*** Begin section ***

text \<open>inst I alpha ds: I satisfies phi_alpha(ds) (ds of length arity alpha).\<close>
fun inst :: "('c,'r,'i) interp \<Rightarrow> ('c,'r,'i) axiom \<Rightarrow> 'i list \<Rightarrow> bool" where
  "inst I (CInc C D) ds =
     (lhold I C (hd ds) (take (lvars C) (tl ds)) \<longrightarrow>
      rhold I D (hd ds) (drop (lvars C) (tl ds)))"
| "inst I (RInc R S) ds = ((ds!0, ds!1) \<in> rsem I R \<longrightarrow> (ds!0, ds!1) \<in> rsem I S)"
| "inst I (DisAx R S) ds = (\<not> ((ds!0, ds!1) \<in> rsem I R \<and> (ds!0, ds!1) \<in> rsem I S))"
| "inst I (InvAx R S) ds = ((ds!0, ds!1) \<in> rsem I R \<longleftrightarrow> (ds!1, ds!0) \<in> rsem I S)"
| "inst I (IrrAx R) ds = ((ds!0, ds!0) \<notin> rsem I R)"
| "inst I (CAs D a) ds = rhold I D (cst I a) ds"
| "inst I (RAs R a b) ds = ((cst I a, cst I b) \<in> rsem I R)"

definition tuples :: "'i set \<Rightarrow> ('c,'r,'i) axiom \<Rightarrow> 'i list set" where
  "tuples NS \<alpha> = {ds. length ds = arity \<alpha> \<and> set ds \<subseteq> NS}"

definition holds_ax :: "'i set \<Rightarrow> ('c,'r,'i) interp \<Rightarrow> ('c,'r,'i) axiom \<Rightarrow> bool" where
  "holds_ax NS I \<alpha> \<longleftrightarrow> (\<forall>ds\<in>tuples NS \<alpha>. inst I \<alpha> ds)"

fun lext :: "('c,'r,'i) interp \<Rightarrow> ('c,'r) lconcept \<Rightarrow> 'i set" where
  "lext I (LA A) = conc I A"
| "lext I (LEx R) = Domain (rsem I R)"

fun rext :: "'i set \<Rightarrow> ('c,'r,'i) interp \<Rightarrow> ('c,'r) rconcept \<Rightarrow> 'i set" where
  "rext NS I (RA A) = conc I A"
| "rext NS I (REx R) = Domain (rsem I R)"
| "rext NS I (RNeg C) = NS - lext I C"

fun ass_holds :: "'i set \<Rightarrow> ('c,'r,'i) interp \<Rightarrow> ('c,'r,'i) assertion \<Rightarrow> bool" where
  "ass_holds NS I (CAss D a) = (cst I a \<in> rext NS I D)"
| "ass_holds NS I (RAss R a b) = ((cst I a, cst I b) \<in> rsem I R)"

definition lit_holds :: "'i set \<Rightarrow> ('c,'r,'i) interp \<Rightarrow> ('c,'r,'i) literal \<Rightarrow> bool" where
  "lit_holds NS I l \<longleftrightarrow> (if fst l then ass_holds NS I (snd l) else \<not> ass_holds NS I (snd l))"

definition satisfiable :: "'i set \<Rightarrow> ('c,'r,'i) literal set \<Rightarrow> bool" where
  "satisfiable NS S \<longleftrightarrow> (\<exists>I. is_interp NS I \<and> (\<forall>l\<in>S. lit_holds NS I l))"

definition clashing_set :: "'i set \<Rightarrow> ('c,'r,'i) literal set \<Rightarrow> ('c,'r,'i) axiom \<Rightarrow> 'i list \<Rightarrow> bool" where
  "clashing_set NS S \<alpha> e \<longleftrightarrow>
     e \<in> tuples NS \<alpha> \<and> satisfiable NS S \<and>
     \<not> (\<exists>I. is_interp NS I \<and> (\<forall>l\<in>S. lit_holds NS I l) \<and> inst I \<alpha> e)"

definition cas_model :: "'i set \<Rightarrow> ('c,'r,'i) kaxiom set \<Rightarrow> ('c,'r,'i) interp
    \<Rightarrow> (('c,'r,'i) axiom \<times> 'i list) set \<Rightarrow> bool" where
  "cas_model NS K I \<chi> \<longleftrightarrow>
     is_interp NS I \<and>
     (\<forall>\<alpha>. Strict \<alpha> \<in> K \<longrightarrow> holds_ax NS I \<alpha>) \<and>
     (\<forall>\<alpha> ds. Def \<alpha> \<in> K \<and> ds \<in> tuples NS \<alpha> \<and> (\<alpha>, ds) \<notin> \<chi> \<longrightarrow> inst I \<alpha> ds)"

definition justified_cas :: "'i set \<Rightarrow> ('c,'r,'i) kaxiom set \<Rightarrow> ('c,'r,'i) interp
    \<Rightarrow> (('c,'r,'i) axiom \<times> 'i list) set \<Rightarrow> bool" where
  "justified_cas NS K I \<chi> \<longleftrightarrow>
     cas_model NS K I \<chi> \<and>
     (\<forall>(\<alpha>, e)\<in>\<chi>. \<exists>S. clashing_set NS S \<alpha> e \<and>
        (\<forall>I'. cas_model NS K I' \<chi> \<and> cst I' = cst I \<longrightarrow> (\<forall>l\<in>S. lit_holds NS I' l)))"

end

theory Submission
  imports Defs
begin

(* Take K = {A(a), D(A \<sqsubseteq> B)} and K' = K \<union> {\<not>B(a)}, and let \<chi> override the instance of
   A \<sqsubseteq> B at a.  In K' the exception is justified by the clashing set {A(a), \<not>B(a)}, which is
   part of the strict ABox and so holds in every CAS-model.  In K nothing forces \<not>B(a): the
   NI-congruent CAS-model with B(a) true satisfies the overridden instance, so no clashing
   set for it can hold in all NI-congruent CAS-models.  Only two concept names and one
   standard name are needed. *)

lemma cst_standard_name: "is_interp NS I \<Longrightarrow> c \<in> NS \<Longrightarrow> cst I c = c"
  by (simp add: is_interp_def)

definition abox_literals :: "('c,'r,'i) kaxiom set \<Rightarrow> ('c,'r,'i) literal set" where
  "abox_literals K =
     {(True, CAss D a) | D a. Strict (CAs D a) \<in> K} \<union>
     {(True, RAss R a b) | R a b. Strict (RAs R a b) \<in> K}"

*** End section ***

__The problem__. How many lines in the entries hold the word "rext"? Only the number is wanted.

__Response area__. 5